There's one very important aspect to keep in mind here.  In no way can either parent influence the child to take this kind of action.  This has to be something that the child comes up with on their own.  So my opinion is that if the child even so much as mentions the possibility to you, stay VERY neutral on the subject so as not to influence the child.  One thing I've always taught my kids from little on up is that they have to face the consequences of their actions, so they must weigh the pros and cons of each to make a decision.  If you tell them they must think very carefully about what they want to do, you are still not influencing them in either direction.

So if your son eventually comes to this decision and acts upon it, THAT is the time to support him as much as possible, even if it means he still has to go back to the other parent.  Sometimes it has to happen quite a few times for 'all' the adults (including the ones in court) to finally get the picture and make the changes that the child has already determined he/she needs.
Handle every stressful situation like a dog........if you can't play with it or eat it, pee on it and walk away.......

fightingmad2007

Actually no. My son is not 'given a lot of freedom' at his Dad's house & he can go down the block to visit friends (maybe 7 houses down) but it would never even cross his mind to walk/ride his bike to my house w/out permission. Permission which would never be given. So he doesn't even ask.

On the 3 times he has gone on a 'bike ride' around the neighborhood with one of his friends and the friend's dad's -- he HAS ended up here just to pop in & say 'hi'. I think that's actually pretty telling of the environment he has to deal with every day. That he feels 'free-er' to ask a FRIEND'S father to ride over here with him to say 'hi' to me than his own DAD.... And they do bike rides also. He just knows how his Dad feels about him seeing me.

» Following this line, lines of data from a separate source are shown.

theorem proposition4p3:
  fixes g \<epsilon> N0 N1 nu0 nu1 :: real and nu :: "real \<Rightarrow> real"
  assumes "0 < g"
    and "stretch_limited N0 N1 nu0 nu1 nu"
    and "0 < \<epsilon>" and "\<epsilon> < 1"
  shows "\<exists>\<gamma>0>0. \<forall>\<gamma> a lam mu. 0 < \<gamma> \<and> \<gamma> < \<gamma>0 \<and> 0 < a \<and> a < nu1 \<and> 0 < lam \<and>
           catenary_solution nu g \<gamma> a lam mu \<longrightarrow>
      ((nu1 - (g * \<gamma>)\<^sup>2 / (24 * N1\<^sup>2) * (nu1 + (2 - 3 * \<epsilon>) * left_deriv nu N1 * N1) \<le> a \<and>
        a < nu1 * (2 * N1 / (g * \<gamma>)) * arsinh (g * \<gamma> / (2 * N1)))
       \<longrightarrow> (0 < (N1\<^sup>2 - lam\<^sup>2) / (g * \<gamma>)\<^sup>2 \<and> (N1\<^sup>2 - lam\<^sup>2) / (g * \<gamma>)\<^sup>2 < 1/4)) \<and>
      ((0 < (N1\<^sup>2 - lam\<^sup>2) / (g * \<gamma>)\<^sup>2 \<and> (N1\<^sup>2 - lam\<^sup>2) / (g * \<gamma>)\<^sup>2 < 1/4)
       \<longrightarrow> (nu1 - (g * \<gamma>)\<^sup>2 / (24 * N1\<^sup>2) * (nu1 + (2 + 3 * \<epsilon>) * left_deriv nu N1 * N1) \<le> a \<and>
            a < nu1 * (2 * N1 / (g * \<gamma>)) * arsinh (g * \<gamma> / (2 * N1))))"
proof -
  obtain \<gamma>0 where "0 < \<gamma>0" and critical: "\<And>\<gamma>. 0 < \<gamma> \<Longrightarrow> \<gamma> < \<gamma>0 \<Longrightarrow> (g * \<gamma>)^2 < 4 * N1^2 \<and>
      catenary_span nu g \<gamma> (sqrt (N1^2 - (g * \<gamma>)^2 / 4))
        < nu1 - (g * \<gamma>)\<^sup>2 / (24 * N1\<^sup>2) * (nu1 + (2 - 3 * \<epsilon>) * left_deriv nu N1 * N1) \<and>
      nu1 - (g * \<gamma>)\<^sup>2 / (24 * N1\<^sup>2) * (nu1 + (2 + 3 * \<epsilon>) * left_deriv nu N1 * N1)
        < catenary_span nu g \<gamma> (sqrt (N1^2 - (g * \<gamma>)^2 / 4))"
    using catenary_span_critical_bounds[OF assms(1-3)] by blast
  show ?thesis
    by (intro exI[of _ \<gamma>0] conjI[OF \<open>0 < \<gamma>0\<close>] allI impI, elim conjE,
        rule catenary_solution_regime_iff_span[OF assms(2,1)]) (use critical in blast)+
qed

end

I never try to influence him in any way. Actually it was the GAL that first brought up he could make his own choice to him when she talked to him for the mod back in '06. He just has asked me if 'its true', and talks about that's what he wants to do in 1.5 years. I really don't even respond to it.

escape2paradise

Wow that is a dangerous idea to plant.  My X has influenced my DD to runaway twice.  The last time he was caught pretty much red handed.  We are in the middle of a custody dispute.  There are no problems in my home, other than X is trying his best to PAS my DD.  I support my DD relationship with X, though I have never been under any legal obligation to do so.  DD is 13, X has never been legally named as dad and I have always allowed and encourage visitation between the two.  X got married and now decides he wants to be a "real" dad.  Files a parentage action and wants custody.  DD is influenced heavily by him.  Though he has been involved with her since birth, he has always been a flake, canceling, too busy partying, drugging etc....Now he is finally showing her the attention she has longed for and she's eating it up.  She is also afraid dad will leave the state and "give up" on her as he has disappeared for months and months in the past and has threatened many times that if he doesn't get what he wants with this custody dispute he will leave her.  He has even told the GAL this.  My point is, that it is never okay to encourage a child to runaway.  It is foolish and  dangerous.  I realize you weren't advocating encouraging a child to do this.  My point is that this idea given to an idiot can cause some serious issues.  Also wanted to point out for any parents who choose to encourage the child to "vote with their feet" just may end up with the very short end of the stick as has my X.  No summer visitation period and is likely to be given supervised visits once school starts.